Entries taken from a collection
fun lams :: "'v list \<Rightarrow> 'v trm \<Rightarrow> 'v trm" where
  "lams [] M = M"
| "lams (y # ys) M = Lam y (lams ys M)"

type_synonym addr = "nat list"

fun sub :: "'v trm \<Rightarrow> addr \<Rightarrow> 'v trm option" where
  "sub M [] = Some M"
| "sub (Lam x M) (k # a) = (if k = 1 then sub M a else None)"
| "sub (App M N) (k # a) = (if k = 1 then sub M a else if k = 2 then sub N a else None)"
| "sub (Var x) (k # a) = None"

datatype 'a sym = Fm "'a form" | AppS "'a form"

type_synonym 'a bp = "addr \<Rightarrow> 'a sym option"

definition at_addr :: "'a bp \<Rightarrow> addr \<Rightarrow> 'a bp" where
  "at_addr \<pi> a = (\<lambda>c. \<pi> (a @ c))"

definition is_bp :: "'a bp \<Rightarrow> bool" where
  "is_bp \<alpha> \<longleftrightarrow> finite (dom \<alpha>) \<and> (\<forall>a\<in>dom \<alpha>. \<forall>k\<in>set a. 0 < k) \<and>
     (\<forall>a \<phi>. \<alpha> a = Some (AppS \<phi>) \<longrightarrow>
        at_addr \<alpha> (a @ [1]) \<noteq> Map.empty \<and> at_addr \<alpha> (a @ [2]) \<noteq> Map.empty)"

definition leaf :: "'a form \<Rightarrow> 'a bp" where
  "leaf \<phi> = [[] \<mapsto> Fm \<phi>]"

definition appbp :: "'a form \<Rightarrow> 'a bp \<Rightarrow> 'a bp \<Rightarrow> 'a bp" where
  "appbp \<psi> \<alpha>1 \<alpha>2 = (\<lambda>c. case c of [] \<Rightarrow> Some (AppS \<psi>)
       | k # d \<Rightarrow> (if k = 1 then \<alpha>1 d else if k = 2 then \<alpha>2 d else None))"

definition pairwise_incomparable :: "addr list \<Rightarrow> bool" where
  "pairwise_incomparable as \<longleftrightarrow>
     (\<forall>i<length as. \<forall>j<length as. i \<noteq> j \<longrightarrow> \<not> prefix (as ! i) (as ! j))"

text \<open>*_{as}(als): the blueprint of minimal domain whose restriction at as!i is als!i
  (as pairwise incomparable, same length as als).\<close>
definition starbp :: "addr list \<Rightarrow> 'a bp list \<Rightarrow> 'a bp" where
  "starbp as als = (\<lambda>c. if \<exists>i<length as. prefix (as ! i) c
       then (let i = (SOME i. i < length as \<and> prefix (as ! i) c)
             in (als ! i) (drop (length (as ! i)) c))
       else None)"

definition starstd :: "'a bp list \<Rightarrow> 'a bp" where
  "starstd als = starbp (map (\<lambda>i. [Suc i]) [0..<length als]) als"

text \<open>Extraction  alpha \<rhd>^a_phi beta  is written  extr alpha a phi beta.\<close>
inductive extr :: "'a bp \<Rightarrow> addr \<Rightarrow> 'a form \<Rightarrow> 'a bp \<Rightarrow> bool" where
  ext_leaf: "extr (leaf \<phi>) [] \<phi> Map.empty"
| ext_app: "extr \<alpha> a \<phi> \<beta> \<Longrightarrow> is_bp \<gamma> \<Longrightarrow> \<gamma> \<noteq> Map.empty \<Longrightarrow> \<alpha> \<noteq> Map.empty \<Longrightarrow>
            extr (appbp \<psi> \<gamma> \<alpha>) (2 # a) \<phi> (starstd [\<gamma>, \<beta>])"
| ext_star: "extr \<alpha> a \<phi> \<beta> \<Longrightarrow> b \<noteq> [] \<Longrightarrow> pairwise_incomparable (b # cs) \<Longrightarrow>
             length gs = length cs \<Longrightarrow> (\<forall>g\<in>set gs. is_bp g) \<Longrightarrow>
             extr (starbp (b # cs) (\<alpha> # gs)) (b @ a) \<phi> (starbp (b # cs) (\<beta> # gs))"

definition extr_any :: "'a form \<Rightarrow> 'a bp \<Rightarrow> 'a bp \<Rightarrow> bool" where
  "extr_any \<phi> \<alpha> \<beta> \<longleftrightarrow> (\<exists>a. extr \<alpha> a \<phi> \<beta>)"

fun extr_chain :: "'a bp \<Rightarrow> addr list \<Rightarrow> 'a form \<Rightarrow> 'a bp \<Rightarrow> bool" where
  "extr_chain \<alpha> [] \<phi> \<beta> \<longleftrightarrow> \<alpha> = \<beta>"
| "extr_chain \<alpha> (a # as) \<phi> \<beta> \<longleftrightarrow> (\<exists>\<gamma>. extr \<alpha> a \<phi> \<gamma> \<and> extr_chain \<gamma> as \<phi> \<beta>)"

text \<open>F(alpha): (phi1,...,phin) with alpha \<rhd>+_{phin} ... \<rhd>+_{phi1} empty.\<close>
inductive inF :: "'a bp \<Rightarrow> 'a form list \<Rightarrow> bool" where
  inF_nil: "inF Map.empty []"
| inF_snoc: "(extr_any \<phi>)\<^sup>+\<^sup>+ \<alpha> \<beta> \<Longrightarrow> inF \<beta> \<phi>s \<Longrightarrow> inF \<alpha> (\<phi>s @ [\<phi>])"

definition FF :: "'a bp \<Rightarrow> 'a form list set" where
  "FF \<alpha> = {\<phi>s. inF \<alpha> \<phi>s}"

definition blueprint :: "('v \<Rightarrow> nat) \<Rightarrow> ('v \<Rightarrow> 'a form) \<Rightarrow> 'v trm \<Rightarrow> 'a bp" where
  "blueprint ord \<Omega> M = (\<lambda>a. case sub M a of
      None \<Rightarrow> None
    | Some N \<Rightarrow> (if fv N \<subseteq> fv M then
        (case N of Var x \<Rightarrow> Some (Fm (THE \<psi>. typed ord \<Omega> N \<psi>))
                 | App _ _ \<Rightarrow> Some (AppS (THE \<psi>. typed ord \<Omega> N \<psi>))
                 | Lam _ _ \<Rightarrow> None)
        else None))"

definition restr_free :: "'v trm \<Rightarrow> 'a bp \<Rightarrow> 'v set \<Rightarrow> 'a bp" where
  "restr_free M \<alpha> V = \<alpha> |` {a. \<exists>N. sub M a = Some N \<and> fv N \<subseteq> V}"

end

theory Submission
  imports Defs "HOL-Library.List_Lexorder"
begin

(*
  Write \<alpha>\<^sub>V for the part of the blueprint of M at subterms whose free variables lie in V, and let
  x be the greatest variable of V. The occurrences of x can be extracted from \<alpha>\<^sub>V one at a time in
  decreasing lexicographic order. When o is the greatest occurrence not yet extracted, every
  application node still present above o has o in its argument: an occurrence of x in the function
  part P of an application P Q forces, by the HRM condition, a free variable of Q that is at least
  x, hence x itself, hence a lexicographically greater occurrence, which has already been extracted
  together with the node. Extraction can descend along exactly such paths, and since extracting at
  an address deletes precisely its prefixes, what is left after all occurrences of x is the part
  for V - {x}, whatever the order. Iterating over x_n, ..., x_1 gives (\<chi>_1, ..., \<chi>_n) \<in> F(\<alpha>);
  abstracting x_{i+1}, ..., x_n merely shifts \<alpha>_i along the spine 1^(n-i).
*)

section \<open>Star blueprints and extraction\<close>

lemma starbp_at:
  assumes "pairwise_incomparable as" "i < length as" "prefix (as ! i) c"
  shows "starbp as als c = (als ! i) (drop (length (as ! i)) c)"
proof -
  have "j = i" if "j < length as" "prefix (as ! j) c" for j
  proof (rule ccontr)
    assume "j \<noteq> i"
    then have "\<not> prefix (as ! j) (as ! i)" "\<not> prefix (as ! i) (as ! j)"
      using assms(1,2) that(1) unfolding pairwise_incomparable_def by auto
    with prefix_same_cases[OF that(2) assms(3)] show False by blast
  qed
  then have "(SOME j. j < length as \<and> prefix (as ! j) c) = i"
    using assms(2,3) by (metis (mono_tags, lifting) some_equality)
  then show ?thesis using assms unfolding starbp_def by (auto simp: Let_def)
qed

lemma starbp_outside: "\<not> (\<exists>i<length as. prefix (as ! i) c) \<Longrightarrow> starbp as als c = None"
  unfolding starbp_def by auto

lemma starbp_pair:
  assumes "k \<noteq> k'"
  shows "starbp [[k], [k']] [g, h] c =
    (case c of [] \<Rightarrow> None | j # d \<Rightarrow> if j = k then g d else if j = k' then h d else None)"
proof -
  have inc: "pairwise_incomparable [[k], [k']]"
    using assms by (auto simp: pairwise_incomparable_def less_Suc_eq)
  show ?thesis
  proof (cases c)
    case (Cons j d)
    consider "j = k" | "j = k'" | "j \<noteq> k" "j \<noteq> k'" by blast
    then show ?thesis
    proof cases
      case 1
      then show ?thesis using starbp_at[OF inc, of 0 c "[g, h]"] Cons by simp
    next
      case 2
      then show ?thesis using starbp_at[OF inc, of 1 c "[g, h]"] Cons assms by simp
    next
      case 3
      then show ?thesis using Cons by (auto intro!: starbp_outside simp: less_Suc_eq)
    qed
  qed (auto intro!: starbp_outside simp: less_Suc_eq)
qed

lemma starstd_pair:
  "starstd [g, h] c = (case c of [] \<Rightarrow> None | j # d \<Rightarrow> if j = 1 then g d else if j = 2 then h d else None)"
proof -
  have "starstd [g, h] = starbp [[1], [2]] [g, h]"
    unfolding starstd_def by (simp add: eval_nat_numeral)
  then show ?thesis using starbp_pair[of 1 2 g h c] by simp
qed

lemma extr_eq_restrict: "extr \<tau> a \<phi> \<beta> \<Longrightarrow> \<beta> = \<tau> |` {c. \<not> prefix c a}"
proof (induction rule: extr.induct)
  case (ext_leaf \<phi>)
  then show ?case by (auto simp: leaf_def restrict_map_def fun_eq_iff)
next
  case (ext_app \<alpha> a \<phi> \<beta> \<gamma> \<psi>)
  show ?case
  proof
    fix c
    show "starstd [\<gamma>, \<beta>] c = (appbp \<psi> \<gamma> \<alpha> |` {c. \<not> prefix c (2 # a)}) c"
      unfolding starstd_pair ext_app.IH by (cases c) (auto simp: appbp_def restrict_map_def)
  qed
next
  case (ext_star \<alpha> a \<phi> \<beta> b cs gs)
  show ?case
  proof
    fix c
    show "starbp (b # cs) (\<beta> # gs) c = (starbp (b # cs) (\<alpha> # gs) |` {c. \<not> prefix c (b @ a)}) c"
    proof (cases "\<exists>i<length (b # cs). prefix ((b # cs) ! i) c")
      case True
      then obtain i where i: "i < length (b # cs)" "prefix ((b # cs) ! i) c" by blast
      note at = starbp_at[OF ext_star.hyps(3) i]
      show ?thesis
      proof (cases i)
        case 0
        then obtain d where "c = b @ d" using i by (auto simp: prefix_def)
        with 0 show ?thesis using at[of "\<beta> # gs"] at[of "\<alpha> # gs"] ext_star.IH
          by (auto simp: restrict_map_def)
      next
        case (Suc j)
        have "\<not> prefix c (b @ a)"
        proof
          assume "prefix c (b @ a)"
          with i(2) have "prefix ((b # cs) ! i) (b @ a)" by (rule prefix_order.trans)
          moreover have "prefix ((b # cs) ! 0) (b @ a)" by simp
          ultimately have "prefix ((b # cs) ! i) ((b # cs) ! 0) \<or> prefix ((b # cs) ! 0) ((b # cs) ! i)"
            by (rule prefix_same_cases)
          with ext_star.hyps(3) i(1) Suc
          show False unfolding pairwise_incomparable_def
            by (metis length_greater_0_conv list.discI nat.distinct(1))
        qed
        with Suc show ?thesis using at[of "\<beta> # gs"] at[of "\<alpha> # gs"] by (auto simp: restrict_map_def)
      qed
    qed (simp add: starbp_outside restrict_map_def)
  qed
qed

Your task:
The required output is every line above that contains the string "node".

Response box:
  application node still present above o has o in its argument: an occurrence of x in the function
  together with the node. Extraction can descend along exactly such paths, and since extracting at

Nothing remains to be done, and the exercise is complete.